Google llc (20240290320). Semantic Segmentation With Language Models For Long-Form Automatic Speech Recognition simplified abstract
Contents
Semantic Segmentation With Language Models For Long-Form Automatic Speech Recognition
Organization Name
Inventor(s)
Wenqian Huang of Mountain View CA (US)
Shankar Kumar of New York NY (US)
Shuo-yiin Chang of Sunnyvale CA (US)
Tara N. Sainath of Jersey City NJ (US)
Semantic Segmentation With Language Models For Long-Form Automatic Speech Recognition - A simplified explanation of the abstract
This abstract first appeared for US patent application 20240290320 titled 'Semantic Segmentation With Language Models For Long-Form Automatic Speech Recognition
The abstract describes a joint segmenting and ASR model that includes an encoder to process acoustic frames and generate higher order feature representations, a decoder to generate speech recognition hypotheses and end of segment indications, and training on long-form speech data with ground-truth end of segment labels.
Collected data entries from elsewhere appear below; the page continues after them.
(* Let $0<q<1$ and let $T$ be an optimal tree for $\mathrm{TDGD}(q)$. For each signature $s$, let $L(s)$ be the depth of a level of $T$ containing at least half of the $s+1$ leaves of signature $s$ (such a level exists since these leaves lie in at most two consecutive levels; ties broken by any fixed rule). Let $s\ge 0$ and let $\ell\ge 2$ be an integer with $s\ge 2^{\ell+2}-1$, and suppose $s'>s$ is a signature with $L(s')=L(s)+\ell$. Then $$\frac{\ell-2}{\log_2 q^{-1}}\le s'-s\le \frac{\ell+1}{\log_2 q^{-1}}.$$
   Context: $\mathcal{A}=\{(i,j): i,j\in\mathbb{Z}_{\ge 0}\}$; $\mathrm{TDGD}(q)$ is the distribution $P(i,j)=(1-q)^2q^{i+j}$ on $\mathcal{A}$. A prefix code for $\mathcal{A}$ is a full binary tree whose leaves are in bijection with $\mathcal{A}$; codeword length = depth of leaf; a tree is optimal for $\mathrm{TDGD}(q)$ if it minimizes expected codeword length. The signature of $(i,j)$ is $i+j$; there are exactly $s+1$ symbols of signature $s$. *)

theory Defs
  imports "HOL-Analysis.Analysis" "HOL-Library.Sublist"
begin

definition TDGD :: "real \<Rightarrow> nat \<times> nat \<Rightarrow> real" where
  "TDGD q = (\<lambda>(i, j). (1 - q)^2 * q^(i + j))"

text \<open>A prefix code for the alphabet of pairs, given as a full binary tree whose
  leaves are in bijection with the alphabet: the codeword of a symbol is the path
  (list of bits) from the root to its leaf.  The nodes of the tree are the prefixes
  of codewords; leaves are exactly the codewords (injective and prefix-free);
  fullness: every internal node (strict prefix of a codeword) has both children.\<close>
definition is_prefix_code_tree :: "(nat \<times> nat \<Rightarrow> bool list) \<Rightarrow> bool" where
  "is_prefix_code_tree c \<longleftrightarrow>
     inj c \<and>
     (\<forall>x y. x \<noteq> y \<longrightarrow> \<not> prefix (c x) (c y)) \<and>
     (\<forall>w b. (\<exists>x. strict_prefix w (c x)) \<longrightarrow> (\<exists>x. prefix (w @ [b]) (c x)))"

definition expected_length :: "real \<Rightarrow> (nat \<times> nat \<Rightarrow> bool list) \<Rightarrow> ennreal" where
  "expected_length q c = (\<Sum>\<^sub>\<infinity> a\<in>UNIV. ennreal (TDGD q a * real (length (c a))))"

definition optimal_tree :: "real \<Rightarrow> (nat \<times> nat \<Rightarrow> bool list) \<Rightarrow> bool" where
  "optimal_tree q c \<longleftrightarrow> is_prefix_code_tree c \<and>
     (\<forall>c'. is_prefix_code_tree c' \<longrightarrow> expected_length q c \<le> expected_length q c')"

definition majority_level :: "(nat \<times> nat \<Rightarrow> bool list) \<Rightarrow> (nat \<Rightarrow> nat) \<Rightarrow> bool" where
  "majority_level c L \<longleftrightarrow>
     (\<forall>s. 2 * card {(i, j). i + j = s \<and> length (c (i, j)) = L s} \<ge> s + 1)"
- Encoder processes acoustic frames to generate higher order feature representations
- Decoder generates speech recognition hypotheses and end of segment indications
- Trained on long-form speech data with ground-truth end of segment labels
- Utilizes a language model teacher to inject end of segment labels into transcriptions
- Aimed at improving speech recognition accuracy and segmentation in long-form speech
Potential Applications: - Enhanced speech recognition systems - Improved segmentation of long-form speech data - Language transcription services
Problems Solved: - Addressing challenges in accurately segmenting long-form speech data - Enhancing the performance of automatic speech recognition systems
Benefits: - Higher accuracy in speech recognition - Improved transcription quality for long-form speech - Enhanced user experience in speech-to-text applications
Commercial Applications: Title: Advanced Speech Recognition and Segmentation Technology for Transcription Services This technology can be utilized in transcription services, call center analytics, voice assistants, and any application requiring accurate speech recognition and segmentation.
Prior Art: Researchers can explore existing patents and publications related to joint segmenting and ASR models, encoder-decoder architectures in speech recognition, and language model distillation techniques.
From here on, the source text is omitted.